Key Tips for Diagnostics in 2018 and Beyond: Development Success in the Evolving US and EU Landscape

“Health Decisions is offering this webinar to assist diagnostics developers in preparing to meet evolving challenges as the FDA revises and accelerates some review processes affecting diagnostics, and the EU prepares to implement new Device Directives that impose more burdensome requirements,” stated Health Decisions CEO Patrick Phillips, BSc (Hons), D.Phil. “It is critical that diagnostics companies understand the changing landscape for diagnostics development in order to plan and implement successful programs and avoid potential missteps and delays.”

Gail E. Radcliffe, PhD, President of Radcliffe Consulting and a member of the Health Decisions Scientific Advisory Board, will draw on recent experiences representing sponsors with the FDA to address topics, including:

• FDA changes to the 510(k) de novo process
• The 510(k)/CLIA Waiver dual submission
• Processes for development of companion diagnostics

Dr. Radcliffe will also discuss adjusting to the new norm of substantially faster FDA response in a variety of areas. In addition, Dr. Radcliffe will analyze the effects of new EU regulations, including more extensive review by Notified Bodies. The European Medical Device Regulations and In Vitro Diagnostic Regulations came into effect on May 26, 2017 and Notified Bodies may be authorized to perform reviews by June 2018. Dr. Radcliffe will discuss the implications of EU changes for developer decisions about whether to seek CE Mark before FDA approval, or the reverse. Dr. Radcliffe will discuss pros and cons of different development pathways for the US and EU markets. In addition, Dr. Radcliffe will address questions about the implications for diagnostics developers of regulatory changes on both sides of the Atlantic.

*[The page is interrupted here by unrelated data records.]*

(* Let $\mathcal{U}\subset\Delta(\mathcal{X}\times\mathcal{Y})$ be a convex and compact uncertainty set, let $\mathrm{h}^{\mathcal{U}}\in \mathrm{T}(\mathcal{X},\mathcal{Y})$ be an $\ell$-MRC for $\mathcal{U}$, and let $\mathrm{p}^{\mathcal{U}}\in\mathcal{U}$ be a probability distribution with maximum $\ell$-entropy over $\mathcal{U}$. Then $$H_\ell(\mathcal{U})=\ell(\mathrm{h}^{\mathcal{U}},\mathrm{p}^{\mathcal{U}})=\min_{\mathrm{h}\in \mathrm{T}(\mathcal{X},\mathcal{Y})}\max_{\mathrm{p}\in\mathcal{U}}\ell(\mathrm{h},\mathrm{p});$$ that is, $\mathrm{h}^{\mathcal{U}}$ minimizes the expected $\ell$-loss with respect to $\mathrm{p}^{\mathcal{U}}$, $\mathrm{p}^{\mathcal{U}}$ maximizes the expected $\ell$-loss of $\mathrm{h}^{\mathcal{U}}$ over distributions in $\mathcal{U}$, and this expected $\ell$-loss coincides with the maximum $\ell$-entropy over $\mathcal{U}$.
   Context: Let $\mathcal{X}$ and $\mathcal{Y}$ be finite nonempty sets, with $\mathcal{Y}=\{1,\dots,|\mathcal{Y}|\}$. For a finite set $\mathcal{Z}$, $\Delta(\mathcal{Z})$ denotes the set of probability distributions on $\mathcal{Z}$. A classification rule is a map $\mathrm{h}$ assigning to each $x\in\mathcal{X}$ a distribution $\mathrm{h}(\cdot|x)\in\Delta(\mathcal{Y})$; $\mathrm{T}(\mathcal{X},\mathcal{Y})$ is the set of all classification rules. A score function $L:\Delta(\mathcal{Y})\times\mathcal{Y}\to(-\infty,\infty]$ is lower semi-continuous and convex in its first argument; the associated classification loss is $\ell(\mathrm{h},(x,y))=L(\mathrm{h}(\cdot|x),y)$, and for $\mathrm{p}\in\Delta(\mathcal{X}\times\mathcal{Y})$ the expected loss is $\ell(\mathrm{h},\mathrm{p})=\sum_{x\in\mathcal{X},y\in\mathcal{Y}}\mathrm{p}(x,y)\ell(\mathrm{h},(x,y))$. The $\ell$-entropy of $\mathrm{p}$ is $H_\ell(\mathrm{p})=\min_{\mathrm{h}\in\mathrm{T}(\mathcal{X},\mathcal{Y})}\ell(\mathrm{h},\mathrm{p})$, and for a compact $\mathcal{U}\subset\Delta(\mathcal{X}\times\mathcal{Y})$, $H_\ell(\mathcal{U})=\max_{\mathrm{p}\in\mathcal{U}}H_\ell(\mathrm{p})$. For a convex compact $\mathcal{U}$, a rule $\mathrm{h}^{\mathcal{U}}$ is an $\ell$-MRC (minimax risk classifier) for $\mathcal{U}$ if $\mathrm{h}^{\mathcal{U}}\in\arg\min_{\mathrm{h}\in\mathrm{T}(\mathcal{X},\mathcal{Y})}\max_{\mathrm{p}\in\mathcal{U}}\ell(\mathrm{h},\mathrm{p})$. *)

theory Defs
  imports "HOL-Analysis.Analysis"
begin

definition Delta :: "(real ^ 'z::finite) set" where
  "Delta = {q. (\<forall>z. 0 \<le> q $ z) \<and> (\<Sum>z\<in>UNIV. q $ z) = 1}"

definition rules :: "('x::finite \<Rightarrow> real ^ 'y::finite) set" where
  "rules = {h. \<forall>x. h x \<in> Delta}"

definition score_function :: "(real ^ 'y::finite \<Rightarrow> 'y \<Rightarrow> ereal) \<Rightarrow> bool" where
  "score_function L \<longleftrightarrow>
     (\<forall>q\<in>Delta. \<forall>y. L q y \<noteq> -\<infinity>) \<and>
     (\<forall>y. \<forall>q\<in>Delta. L q y \<le> Liminf (at q within Delta) (\<lambda>r. L r y)) \<and>
     (\<forall>y. \<forall>q1\<in>Delta. \<forall>q2\<in>Delta. \<forall>t::real. 0 \<le> t \<and> t \<le> 1 \<longrightarrow>
        L ((1 - t) *\<^sub>R q1 + t *\<^sub>R q2) y \<le> ereal (1 - t) * L q1 y + ereal t * L q2 y)"

definition exp_loss ::
  "(real ^ 'y::finite \<Rightarrow> 'y \<Rightarrow> ereal) \<Rightarrow> ('x::finite \<Rightarrow> real ^ 'y) \<Rightarrow> real ^ ('x \<times> 'y) \<Rightarrow> ereal" where
  "exp_loss L h p = (\<Sum>(x,y)\<in>UNIV. ereal (p $ (x,y)) * L (h x) y)"

definition entropy ::
  "(real ^ 'y::finite \<Rightarrow> 'y \<Rightarrow> ereal) \<Rightarrow> real ^ ('x::finite \<times> 'y) \<Rightarrow> ereal" where
  "entropy L p = (INF h\<in>(rules :: ('x \<Rightarrow> real ^ 'y) set). exp_loss L h p)"

definition entropy_set ::
  "(real ^ 'y::finite \<Rightarrow> 'y \<Rightarrow> ereal) \<Rightarrow> (real ^ ('x::finite \<times> 'y)) set \<Rightarrow> ereal" where
  "entropy_set L U = (SUP p\<in>U. entropy L p)"

definition is_MRC ::
  "(real ^ 'y::finite \<Rightarrow> 'y \<Rightarrow> ereal) \<Rightarrow> (real ^ ('x::finite \<times> 'y)) set \<Rightarrow> ('x \<Rightarrow> real ^ 'y) \<Rightarrow> bool" where
  "is_MRC L U h \<longleftrightarrow> h \<in> rules \<and>
     (\<forall>h'\<in>rules. (SUP p\<in>U. exp_loss L h p) \<le> (SUP p\<in>U. exp_loss L h' p))"

end

theory Submission
  imports Defs
begin

text \<open>The inequalities \<open>H(U) \<le> l(hU, pU) \<le> max_{p \<in> U} l(hU, p)\<close> are immediate; the content is
  the minimax inequality \<open>min_h max_{p \<in> U} l(h, p) \<le> H(U)\<close>. If every rule had worst-case loss
  above \<open>c > H(U)\<close>, the convex set of vectors dominating the losses of some rule would miss the
  convex set of vectors whose expectation under every \<open>p \<in> U\<close> is at most \<open>c\<close>. A separating
  hyperplane, normalized, is then a distribution \<open>q \<in> U\<close> under which every rule has expected
  loss at least \<open>c\<close>, contradicting \<open>H(q) \<le> H(U) < c\<close>. Because losses may be infinite off the
  support of \<open>q\<close>, the argument is run with \<open>q\<close> slightly mixed with a point of \<open>U\<close> of maximal
  support, using that \<open>L\<close> is bounded below by lower semicontinuity.\<close>

lemma Delta_nonneg: "q \<in> Delta \<Longrightarrow> 0 \<le> q $ z"
  by (simp add: Delta_def)

lemma Delta_sum: "q \<in> Delta \<Longrightarrow> (\<Sum>z\<in>UNIV. q $ z) = 1"
  by (simp add: Delta_def)

lemma Delta_le_one: "q \<in> Delta \<Longrightarrow> q $ z \<le> 1"
  using member_le_sum[of z UNIV "\<lambda>z. q $ z"] by (simp add: Delta_def)

lemma inner_Delta_one: "q \<in> Delta \<Longrightarrow> inner q 1 = 1"
  by (simp add: inner_vec_def Delta_sum)

lemma inner_Delta_ge:
  assumes "q \<in> Delta" and "\<And>z. B \<le> v $ z"
  shows "B \<le> inner q v"
proof -
  have "B = (\<Sum>z\<in>UNIV. q $ z * B)"
    using assms(1) by (simp add: Delta_sum flip: sum_distrib_right)
  also have "\<dots> \<le> (\<Sum>z\<in>UNIV. q $ z * v $ z)"
    using assms by (intro sum_mono mult_left_mono) (auto simp: Delta_nonneg)
  finally show ?thesis by (simp add: inner_vec_def)
qed

lemma convex_Delta: "convex Delta"
  by (auto simp: convex_def Delta_def sum.distrib simp flip: sum_distrib_left)

lemma compact_Delta: "compact (Delta :: (real ^ 'z::finite) set)"
proof -
  have "Delta = (\<Inter>z. {q::real^'z. 0 \<le> q $ z}) \<inter> {q. (\<Sum>z\<in>UNIV. q $ z) = 1}"
    by (auto simp: Delta_def)
  moreover have "closed \<dots>"
    by (intro closed_Int closed_INT ballI closed_Collect_le closed_Collect_eq continuous_intros)
  moreover have "Delta \<subseteq> cbox 0 (1 :: real^'z)"
    by (auto simp: mem_box_cart Delta_nonneg Delta_le_one)
  ultimately show ?thesis
    by (metis bounded_cbox bounded_subset compact_eq_bounded_closed)
qed

lemma rules_convex_comb:
  assumes "h1 \<in> rules" and "h2 \<in> rules" and "0 \<le> t" and "t \<le> 1"
  shows "(\<lambda>x. (1 - t) *\<^sub>R h1 x + t *\<^sub>R h2 x) \<in> rules"
  using assms convex_Delta unfolding rules_def convex_alt by blast

lemma exists_mem_pos_on_support:
  fixes U :: "(real ^ 'n::finite) set"
  assumes "U \<subseteq> Delta" and "convex U" and "U \<noteq> {}"
  obtains p where "p \<in> U" and "\<And>i p'. p' \<in> U \<Longrightarrow> 0 < p' $ i \<Longrightarrow> 0 < p $ i"
proof -
  have "\<exists>p\<in>U. (\<exists>p'\<in>U. 0 < p' $ i) \<longrightarrow> 0 < p $ i" for i
    using \<open>U \<noteq> {}\<close> by blast
  then obtain P where P: "\<And>i. P i \<in> U" "\<And>i p'. p' \<in> U \<Longrightarrow> 0 < p' $ i \<Longrightarrow> 0 < P i $ i"
    by metis
  define N where "N = real CARD('n)"
  have "N > 0" by (simp add: N_def)
  define p where "p = (\<Sum>i\<in>UNIV. (1 / N) *\<^sub>R P i)"
  have "p \<in> U"
    unfolding p_def using \<open>convex U\<close> P(1) \<open>N > 0\<close> by (intro convex_sum) (auto simp: N_def)
  moreover have "0 < p $ i" if "p' \<in> U" "0 < p' $ i" for i p'
  proof -
    have "0 \<le> (1 / N) * P j $ i" for j
      using assms(1) P(1)[of j] \<open>N > 0\<close> by (simp add: subset_iff Delta_nonneg)
    then have "(1 / N) * P i $ i \<le> (\<Sum>j\<in>UNIV. (1 / N) * P j $ i)"
      by (intro member_le_sum) auto
    moreover have "0 < (1 / N) * P i $ i" using P(2)[OF that] \<open>N > 0\<close> by simp
    ultimately show ?thesis by (simp add: p_def)
  qed
  ultimately show thesis by (rule that)
qed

Health Decisions Project Manager Jessica Kappes, MBA, MT, will advise sponsors on progressing diagnostics programs from early development to subject-based testing. The transition to subject-based testing sometimes presents unexpected challenges, especially for start-up companies with in-house scientific expertise but limited experience in clinical studies. Ms. Kappes, with training as both a medical technologist and a business manager, is a highly experienced project manager for diagnostics studies involving clinical settings.

Ms. Kappes will address topics including how to determine that your product is indeed ready for trials involving collection of samples from subjects in clinical settings, and coordination of internal and external development teams to initiate clinical studies. Her goal is to help diagnostics developers assess development status to justify proceeding with confidence into large subject-based trials to support a PMA, 510(k) or dual 510(k)/CLIA waiver submission.

Above all, she wants diagnostics developers to avoid the shock of discovering after investing in a large subject-based IVD study that the investigational diagnostic is not functioning in a clinical setting as it did in the hands of diagnostics professionals in the lab.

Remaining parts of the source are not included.